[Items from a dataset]
━━━━━━━━━━━━━━━━

lemma min_dist_le: "j < m \<Longrightarrow> min_dist m x y \<le> \<bar>x j - y\<bar>"
  unfolding min_dist_def by (rule Min_le) auto

lemma max_dist_ge: "j < m \<Longrightarrow> \<bar>x j - y\<bar> \<le> max_dist m x y"
  unfolding max_dist_def by (rule Max_ge) auto

lemma prob_first_eq_1:
  assumes "i < m" "\<And>j. j < m \<Longrightarrow> j \<noteq> i \<Longrightarrow> \<bar>x i - y\<bar> < \<bar>x j - y\<bar>"
  shows "prob_first m x i y = 1"
proof -
  have md: "min_dist m x y = \<bar>x i - y\<bar>"
    unfolding min_dist_def using assms by (intro Min_eqI) (fastforce intro: less_imp_le)+
  then have "{j. j < m \<and> \<bar>x j - y\<bar> = min_dist m x y} = {i}"
    using assms by fastforce
  then show ?thesis using md by (simp add: prob_first_def)
qed

lemma prob_first_eq_0:
  assumes "j < m" "\<bar>x j - y\<bar> < \<bar>x i - y\<bar>"
  shows "prob_first m x i y = 0"
  using min_dist_le[OF assms(1), of x y] assms(2) by (simp add: prob_first_def)

lemma prob_last_eq_1:
  assumes "i < m" "\<And>j. j < m \<Longrightarrow> j \<noteq> i \<Longrightarrow> \<bar>x j - y\<bar> < \<bar>x i - y\<bar>"
  shows "prob_last m x i y = 1"
proof -
  have md: "max_dist m x y = \<bar>x i - y\<bar>"
    unfolding max_dist_def using assms by (intro Max_eqI) (fastforce intro: less_imp_le)+
  then have "{j. j < m \<and> \<bar>x j - y\<bar> = max_dist m x y} = {i}"
    using assms by fastforce
  then show ?thesis using md by (simp add: prob_last_def)
qed

lemma prob_last_eq_0:
  assumes "j < m" "\<bar>x i - y\<bar> < \<bar>x j - y\<bar>"
  shows "prob_last m x i y = 0"
  using max_dist_ge[OF assms(1), of x y] assms(2) by (simp add: prob_last_def)

lemma prob_first_le_inverse_mult_at:
  assumes "i < m"
  shows "prob_first m x i y \<le> 1 / real (mult_at m x (x i))"
proof (cases "\<bar>x i - y\<bar> = min_dist m x y")
  case True
  have "{j. j < m \<and> x j = x i} \<subseteq> {j. j < m \<and> \<bar>x j - y\<bar> = min_dist m x y}"
    using True by auto
  then have "mult_at m x (x i) \<le> card {j. j < m \<and> \<bar>x j - y\<bar> = min_dist m x y}"
    unfolding mult_at_def by (intro card_mono) auto
  moreover have "0 < mult_at m x (x i)"
    unfolding mult_at_def using assms by (auto simp: card_gt_0_iff)
  ultimately show ?thesis
    using True by (simp add: prob_first_def frac_le)
qed (simp add: prob_first_def)

lemma prob_last_eq_0_between:
  assumes "j1 < m" "j2 < m" "x j1 < x i" "x i < x j2"
  shows "prob_last m x i y = 0"
proof (cases "y \<le> x i")
  case True
  then show ?thesis using assms by (intro prob_last_eq_0[OF assms(2)]) auto
next
  case False
  then show ?thesis using assms by (intro prob_last_eq_0[OF assms(1)]) auto
qed

lemma prob_first_move_right_ge:
  assumes "i < m" "x i \<le> t" "\<And>j. j < m \<Longrightarrow> j \<noteq> i \<Longrightarrow> t < x j"
  shows "prob_first m x i y \<le> prob_first m (x(i := t)) i y"
proof (cases "prob_first m x i y = 0 \<or> x i = t")
  case True
  then show ?thesis using prob_first_nonneg by (metis fun_upd_triv order_refl)
next
  case False
  then have closest: "\<bar>x i - y\<bar> \<le> \<bar>x j - y\<bar>" if "j < m" for j
    using min_dist_le[of j m x y] that by (auto simp: prob_first_def split: if_splits)
  have "prob_first m (x(i := t)) i y = 1"
  proof (rule prob_first_eq_1[OF assms(1)])
    fix j assume "j < m" "j \<noteq> i"
    then show "\<bar>(x(i := t)) i - y\<bar> < \<bar>(x(i := t)) j - y\<bar>"
      using closest[of j] assms(2) assms(3)[of j] False by auto
  qed
  then show ?thesis using prob_first_le_1 by simp
qed

lemma prob_last_move_right_le:
  assumes "i < m" "k < m" "k \<noteq> i" "x i \<le> t" "\<And>j. j < m \<Longrightarrow> j \<noteq> i \<Longrightarrow> t < x j"
  shows "prob_last m (x(i := t)) i y \<le> prob_last m x i y"
proof (cases "prob_last m (x(i := t)) i y = 0 \<or> x i = t")
  case True
  then show ?thesis using prob_last_nonneg by (metis fun_upd_triv order_refl)
next
  case False
  then have farthest: "\<bar>x j - y\<bar> \<le> \<bar>t - y\<bar>" if "j < m" "j \<noteq> i" for j
    using max_dist_ge[of j m "x(i := t)" y] that
    by (auto simp: prob_last_def split: if_splits)
  have "t \<le> y"
    using farthest[OF assms(2,3)] assms(5)[OF assms(2,3)] by auto
  have "prob_last m x i y = 1"
  proof (rule prob_last_eq_1[OF assms(1)])
    fix j assume "j < m" "j \<noteq> i"
    then show "\<bar>x j - y\<bar> < \<bar>x i - y\<bar>"
      using farthest[of j] \<open>t \<le> y\<close> assms(4) False by auto
  qed
  then show ?thesis using prob_last_le_1 by simp
qed

lemma integrable_voter_points: "voter_points c m x i integrable_on {a..b}"
proof (rule measurable_bounded_by_integrable_imp_integrable_real[where g="\<lambda>_. 1 + \<bar>c\<bar>"])
  have "voter_points c m x i \<in> borel_measurable lebesgue"
    unfolding voter_points_def[abs_def]
    by (intro measurable_completion) simp
  then show "voter_points c m x i \<in> borel_measurable (lebesgue_on {a..b})"
    by (rule measurable_restrict_space1)
  show "\<bar>voter_points c m x i y\<bar> \<le> 1 + \<bar>c\<bar>" for y
  proof -
    have "\<bar>c * prob_last m x i y\<bar> \<le> \<bar>c\<bar>"
      using prob_last_nonneg[of m x i y] prob_last_le_1[of m x i y] by (simp add: abs_mult mult_left_le)
    then show ?thesis
      using prob_first_nonneg[of m x i y] prob_first_le_1[of m x i y]
      unfolding voter_points_def by linarith
  qed
qed auto

lemma integral_ge_const_real:
  fixes h :: "real \<Rightarrow> real"
  assumes "h integrable_on {a..b}" "a \<le> b" "\<And>y. y \<in> {a..b} \<Longrightarrow> k \<le> h y"
  shows "k * (b - a) \<le> integral {a..b} h"
proof -
  have "integral {a..b} (\<lambda>_. k) \<le> integral {a..b} h"
    by (rule integral_le) (use assms in auto)
  then show ?thesis using assms(2) by (simp add: mult.commute)
qed

lemma integral_ge_three_steps_real:
  fixes h :: "real \<Rightarrow> real"
  assumes "h integrable_on {a..d}" "a \<le> b" "b \<le> c" "c \<le> d"
    and "\<And>y. y \<in> {a..b} \<Longrightarrow> k\<^sub>1 \<le> h y"
    and "\<And>y. y \<in> {b..c} \<Longrightarrow> k\<^sub>2 \<le> h y"
    and "\<And>y. y \<in> {c..d} \<Longrightarrow> k\<^sub>3 \<le> h y"
  shows "k\<^sub>1 * (b - a) + k\<^sub>2 * (c - b) + k\<^sub>3 * (d - c) \<le> integral {a..d} h"
proof -
  have int: "h integrable_on {a..b}" "h integrable_on {b..c}" "h integrable_on {c..d}"
    using assms(1-4) by (auto intro: integrable_on_subinterval)
  have "integral {a..d} h = integral {a..c} h + integral {c..d} h"
    using assms(1-4) by (intro Henstock_Kurzweil_Integration.integral_combine[symmetric]) auto
  also have "integral {a..c} h = integral {a..b} h + integral {b..c} h"
    using assms(1-4) by (intro Henstock_Kurzweil_Integration.integral_combine[symmetric]) (auto intro: integrable_on_subinterval)
  finally show ?thesis
    using integral_ge_const_real[OF int(1) assms(2,5)] integral_ge_const_real[OF int(2) assms(3,6)]
      integral_ge_const_real[OF int(3) assms(4,7)]
    by linarith
qed

definition deviation_gain :: "real \<Rightarrow> nat \<Rightarrow> (nat \<Rightarrow> real) \<Rightarrow> nat \<Rightarrow> real \<Rightarrow> real \<Rightarrow> real" where
  "deviation_gain c m x i t y = voter_points c m (x(i := t)) i y - voter_points c m x i y"

lemma deviation_gain_ge_first_gain:
  assumes "0 \<le> c" "prob_last m (x(i := t)) i y \<le> prob_last m x i y"
  shows "prob_first m (x(i := t)) i y - prob_first m x i y \<le> deviation_gain c m x i t y"
  using mult_left_mono[OF assms(2,1)] by (simp add: deviation_gain_def voter_points_def)

lemma bw_equilibrium_deviation_gain_step_bound:
  assumes "bw_equilibrium c m x" "i < m" "t \<in> {0..1}" "0 \<le> p" "p \<le> q" "q \<le> 1"
    and "\<And>y. y \<in> {0..p} \<Longrightarrow> k\<^sub>1 \<le> deviation_gain c m x i t y"
    and "\<And>y. y \<in> {p..q} \<Longrightarrow> k\<^sub>2 \<le> deviation_gain c m x i t y"
    and "\<And>y. y \<in> {q..1} \<Longrightarrow> k\<^sub>3 \<le> deviation_gain c m x i t y"
  shows "k\<^sub>1 * p + k\<^sub>2 * (q - p) + k\<^sub>3 * (1 - q) \<le> 0"
proof -
  have "integral {0..1} (deviation_gain c m x i t)
          = bw_score c m (x(i := t)) i - bw_score c m x i"
    unfolding bw_score_eq_integral deviation_gain_def[abs_def]
    by (simp add: integral_diff integrable_voter_points)
  also have "\<dots> \<le> 0"
    using assms(1-3) by (simp add: bw_equilibrium_def)
  finally show ?thesis
    using integral_ge_three_steps_real[of "deviation_gain c m x i t" 0 1 p q, OF _ assms(4-9)]
    by (simp add: deviation_gain_def[abs_def] integrable_diff integrable_voter_points)
qed

lemma finite_positions: "finite (positions m x)"
  by (simp add: positions_def)

lemma Min_positions_le: "j < m \<Longrightarrow> Min (positions m x) \<le> x j"
  by (simp add: finite_positions positions_def)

━━━━━━━━━━━━━━━━

### Exercise goal
Filter these records, keeping every line where the word "fastforce" occurs.

### Output for this exercise
    unfolding min_dist_def using assms by (intro Min_eqI) (fastforce intro: less_imp_le)+
    using assms by fastforce
    unfolding max_dist_def using assms by (intro Max_eqI) (fastforce intro: less_imp_le)+
    using assms by fastforce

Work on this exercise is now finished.